For issuers that intend to raise more
than $100,000 by crowdfunding, the
financial statements must be reviewed by
a Certified Public Accountant (CPA). In
some cases, issuers must provide audited
financial statements. This is an added cost
and administrative burden that doesn't
exist in other exempt offerings. Fourth,
issuers must file annual reports at the SEC
for a period of time following the offering.
Finally, we believe that many companies
will be hesitant to admit a large number
of unsophisticated investors as owners.
Based on these disadvantages, we believe
that Regulation CF will be unattractive to
many companies seeking capital.
What other options are
available?
We continue to believe that most
companies seeking equity capital in
excess of $500,000 will be best served by
utilizing the exemption provided by Rule
506 of Regulation D. Under this rule,
companies can raise an unlimited amount
of funds from an unlimited number of
accredited investors.
In 2013, Rule 506 was amended to
provide two different options for issuers.
Under Rule 506(b), which has been used
for decades, companies are prohibited
from using advertising or general
solicitation to seek investors. This means
that an unrestricted website open to the
public cannot be used to solicit investors.

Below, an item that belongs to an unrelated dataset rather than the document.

(* Identify Kashiwara's crystal $B(\infty)$ with its polyhedral realization $\mathcal{B}(\infty)$ (equipped with the bicrystal structure described in the context), so that the Kashiwara–Park extended crystal $\widehat{B}(\infty)$ and the set $\widehat{\mathcal{B}}(\infty)$ are the same set. Then the maps $\widehat{\rm wt}$, $\widehat{\varepsilon}_{(i,k)}$, $\widetilde{E}_{(i,k)}$, $\widetilde{F}_{(i,k)}$ of the Kashiwara–Park extended crystal coincide, respectively, with the combinatorially defined maps $\widehat{\rm wt}$, $\widehat{\varepsilon}_{(i,k)}$, $\widetilde{E}_{(i,k)}$, $\widetilde{F}_{(i,k)}$ on $\widehat{\mathcal{B}}(\infty)$.
   Context: Let $\mathfrak{g}$ be a finite-dimensional simple Lie algebra of type $A_n$, $B_n$ or $D_n$ with index set $I=\{1,\dots,n\}$, and let $\iota_0=(\dots,n,\dots,1,n,\dots,1)$. The polyhedral realization $\mathcal{B}(\infty)\subset\mathbb{Z}_+^\infty$ is the image of $B(\infty)$ under the Kashiwara embedding for $\iota_0$; its points are written $b=(b_{s,t})$, where $b_{s,t}$ is the coordinate at the $s$-th occurrence of $t$ in $\iota_0$, $x_{s,t}$ are the coordinate functions, ${\bf e}_{s,t}$ the standard basis vectors (set to $0$ outside the relevant finite index set $\mathcal{I}_n^X$), and ${\bf v}(s,t)={\bf e}_{s,t}-{\bf e}_{s-1,t}$. Put $\beta_{s,t}=x_{s,t}+\sum_{k>t}\langle h_t,\alpha_k\rangle x_{s,k}+\sum_{k<t}\langle h_t,\alpha_k\rangle x_{s+1,k}+x_{s+1,t}$ and $\beta^*_{s,t}=x_{s-1,t}+\sum_{k>t}\langle h_t,\alpha_k\rangle x_{s-1,k}+\sum_{k<t}\langle h_t,\alpha_k\rangle x_{s,k}+x_{s,t}$. For each $i$ there are tableaux $T_i$ (a single row with entries $T_i(1,t)=\beta_{t,i}$, of length $n+1-i$, $n$, $n-1$ in types $A_n,B_n,D_n$) and $T_i^*$ (a single row $T_i^*(1,t)=\beta^*_{t,i+1-t}$, $1\le t\le i$, for $i\le n$ in type $A$, $i\le n-1$ in type $B$, $i\le n-2$ in type $D$; for the remaining $i$ a staircase tableau: in type $B_n$, $T_n^*$ has shape $(n,n-1,\dots,1)$ with $T_n^*(s,t)=2\beta^*_{s+t-1,n-t}$ for $t\ge2$ and $T_n^*(s,1)=\beta^*_{s,n}$; in type $D_n$, $T_{n-1}^*$ has shape $(n-1,\dots,1)$ with $T_{n-1}^*(s,t)=\beta^*_{s+t-1,n-t}$ for $t\ge2$, $T_{n-1}^*(s,1)=\beta^*_{s,n-1}$ for $s$ odd and $\beta^*_{s,n}$ for $s$ even, and $T_n^*$ obtained by swapping $n-1$ and $n$ in the first column). For a cell $(s,t)$, $\mathcal{I}_T(s,t)$ denotes the index $(a,b)$ of the $\beta_{a,b}$ or $\beta^*_{a,b}$ in that cell. $\Pi_i$ is the set of nonempty partitions inside the shape of $T_i$, $\Pi_i^*$ the set of nonempty strict partitions inside the shape of $T_i^*$. For $\lambda=(l)\in\Pi_i$ let $\Gamma_\lambda=\sum_{s=l}^{|\eta|}\beta_{s,i}$ ($\eta$ the shape of $T_i$), and for $\mu\in\Pi_i^*$ let $\Gamma^*_\mu=\sum_{(s,t)\in\mu}T_i^*(s,t)$. The bicrystal structure on $\mathcal{B}(\infty)$ is: ${\rm wt}(b)=-\sum b_{s,t}\alpha_t$; $\varepsilon_i(b)=\max_{\lambda\in\Pi_i}\Gamma_\lambda(b)$, $\varepsilon_i^*(b)=\max_{\mu\in\Pi_i^*}\Gamma^*_\mu(b)$; with $m_i,M_i$ (resp. $m_i^*,M_i^*$) the minimal and maximal partitions attaining the maximum, $\widetilde{f}_i(b)=b+\sum_{(s,t)\in m_i}{\bf v}(\mathcal{I}_{T_i}(s,t))$, $\widetilde{e}_i(b)=b-\sum_{(s,t)\in M_i}{\bf v}(\mathcal{I}_{T_i}(s,t))$ (or ${\bf 0}$ if $\varepsilon_i(b)=0$), and similarly $\widetilde{f}_i^*,\widetilde{e}_i^*$ using $m_i^*,M_i^*,T_i^*$. (This bicrystal is shown in the paper to be isomorphic to Kashiwara's bicrystal $B(\infty)$ with its $*$-crystal structure.) Kashiwara–Park extended crystal: $\widehat{B}(\infty)$ is the set of ${\bf b}=(b^{(k)})_{k\in\mathbb{Z}}$ with $b^{(k)}\in B(\infty)$ and $b^{(k)}={\bf 1}$ for all but finitely many $k$, with $\widehat{\rm wt}({\bf b})=\sum_t(-1)^t{\rm wt}(b^{(t)})$, $\widehat{\varepsilon}_{(i,k)}({\bf b})=\varepsilon_i(b^{(k)})-\varepsilon_i^*(b^{(k+1)})$, $\widetilde{F}_{(i,k)}$ applying $\widetilde{f}_i$ to $b^{(k)}$ if $\widehat{\varepsilon}_{(i,k)}({\bf b})\ge0$ and $\widetilde{e}_i^*$ to $b^{(k+1)}$ otherwise, and $\widetilde{E}_{(i,k)}$ applying $\widetilde{e}_i$ to $b^{(k)}$ if $\widehat{\varepsilon}_{(i,k)}({\bf b})>0$ and $\widetilde{f}_i^*$ to $b^{(k+1)}$ otherwise. Combinatorial version: $\widehat{\mathcal{B}}(\infty)$ is the same kind of sequence set with entries in $\mathcal{B}(\infty)$. Let $\widehat{\Pi}_i=\Pi_i\cup\{\mu^*:\mu\in\Pi_i^*\}$ ordered by: $\lambda\le\mu^*$ always, $\lambda\le\lambda'$ iff $\lambda\subseteq\lambda'$, $\mu^*\le\nu^*$ iff $\mu\supseteq\nu$. Put $\widehat{\Gamma}^{(k)}_\lambda({\bf b})=\Gamma_\lambda(b^{(k)})$ and $\widehat{\Gamma}^{(k)}_{\mu^*}({\bf b})=\Gamma^*_\mu(b^{(k+1)})$; let $\widehat{m}_{(i,k)}({\bf b})$, $\widehat{M}_{(i,k)}({\bf b})$ be the minimal and maximal $\gamma\in\widehat{\Pi}_i$ attaining $\max_\gamma\widehat{\Gamma}^{(k)}_\gamma({\bf b})$. Define $\widehat{\rm wt}({\bf b})=\sum_t(-1)^t{\rm wt}(b^{(t)})$, $\widehat{\varepsilon}_{(i,k)}({\bf b})=\max_{\lambda\in\Pi_i}\widehat{\Gamma}^{(k)}_\lambda({\bf b})-\max_{\mu\in\Pi_i^*}\widehat{\Gamma}^{(k)}_{\mu^*}({\bf b})$, $\widetilde{E}_{(i,k)}({\bf b})={\bf b}-\sum_{(s,t)\in\lambda}{\bf v}(\mathcal{I}_{T_i}(s,t))^{(k)}$ if $\widehat{M}_{(i,k)}({\bf b})=\lambda$ is unstarred and ${\bf b}-\sum_{(s,t)\in\mu}{\bf v}(\mathcal{I}_{T_i^*}(s,t))^{(k+1)}$ if $\widehat{M}_{(i,k)}({\bf b})=\mu^*$, and $\widetilde{F}_{(i,k)}$ likewise with $+$ and $\widehat{m}_{(i,k)}$ (the superscript $(k)$ meaning the vector is placed in the $k$-th component). *)

theory Defs
  imports Main
begin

Recently, however, the SEC recognized an
exception to this rule for online platforms
that prequalify potential investors and
limit offers and sales to investors who
meet the accredited investor requirements
and other suitability requirements.
5
This exception provides opportunities to
companies who desire to seek investors
online, but who don't wish to comply with
the verification requirements described
below.
Under new Rule 506(c), companies
may utilize advertising and general
solicitation ­ including unrestricted, open
offerings online ­ if the company is willing
to restrict all of its sales to accredited
investors and is willing to comply with
more burdensome requirements regarding
the verification of each investor's status as
an accredited investor.
6
This exemption
allows companies to reach a large number
of potential investors without the burdens
of the Regulation CF crowdfunding rules
described above.
What are some examples of
online platforms utilized by
companies seeking capital?
Responding to these changes, a number
of online platforms have sprung up
to assist companies in raising capital
online (again, as long as all investors are
accredited). General equity crowdfunding
platforms include Wealthforge, CircleUp,
Crowdfunder, AngelList and Portfolia.
In addition, a number of equity
crowdfunding platforms focused
on the real estate industry have
emerged. Examples include Fundrise,
RealtyShares, RealtyMogul, Prodigy
Network and RealCrowd. Each of these
platforms is different but each appears
to require that investors be accredited
and each appears to use a "cooling off
period" after registration before investors
are permitted to make investments. Most
of the platforms expressly state that the
platform is not designed to comply with
Regulation CF (also called Title III of
the JOBS Act). Some of these sites act
as a platform that matches issuers and
potential investors. Others focus only
on debt-like instruments such as senior
secured loans, mezzanine loans and
preferred equity. Finally, a number of the
platforms pool funds from investors into
a new LLC formed by the platform that
in turn invests into a separate LLC or
partnership that owns the property.
We expect to see the continued
development and growth of online
platforms that match investors with
companies seeking equity capital.
However, we believe that platforms
structured to comply with Rule 506
(instead of Regulation CF) will be more
useful to established companies.
1 See www.gpo.gov/fdsys/pkg/BILLS-112hr3606enr/pdf/
BILLS-112hr3606enr.pdf. As is customary, Congress
came up with a tortured acronym for the Crowdfunding
portion of the JOBS Act: "Capital Raising Online While
Deterring Fraud and Unethical Non-Disclosure Act of
2012."
2 See www.sec.gov/rules/final/2015/33-9974.pdf
3 The definition of "accredited investor" can be found at
17 CFR §230.501.
4 For example, if both of an investor's annual income
and net worth are equal to or more than $100,000, the
investor's total investment in all crowdfunding offerings
over a 12 month period may not exceed 10 percent of
the lesser of their annual income or net worth. For other
investors, total investment may not exceed the greater of
$2,000 or 5 percent of the lesser of their annual income
or net worth.
5 See CitizenVC No Action Letter, August 2015, www.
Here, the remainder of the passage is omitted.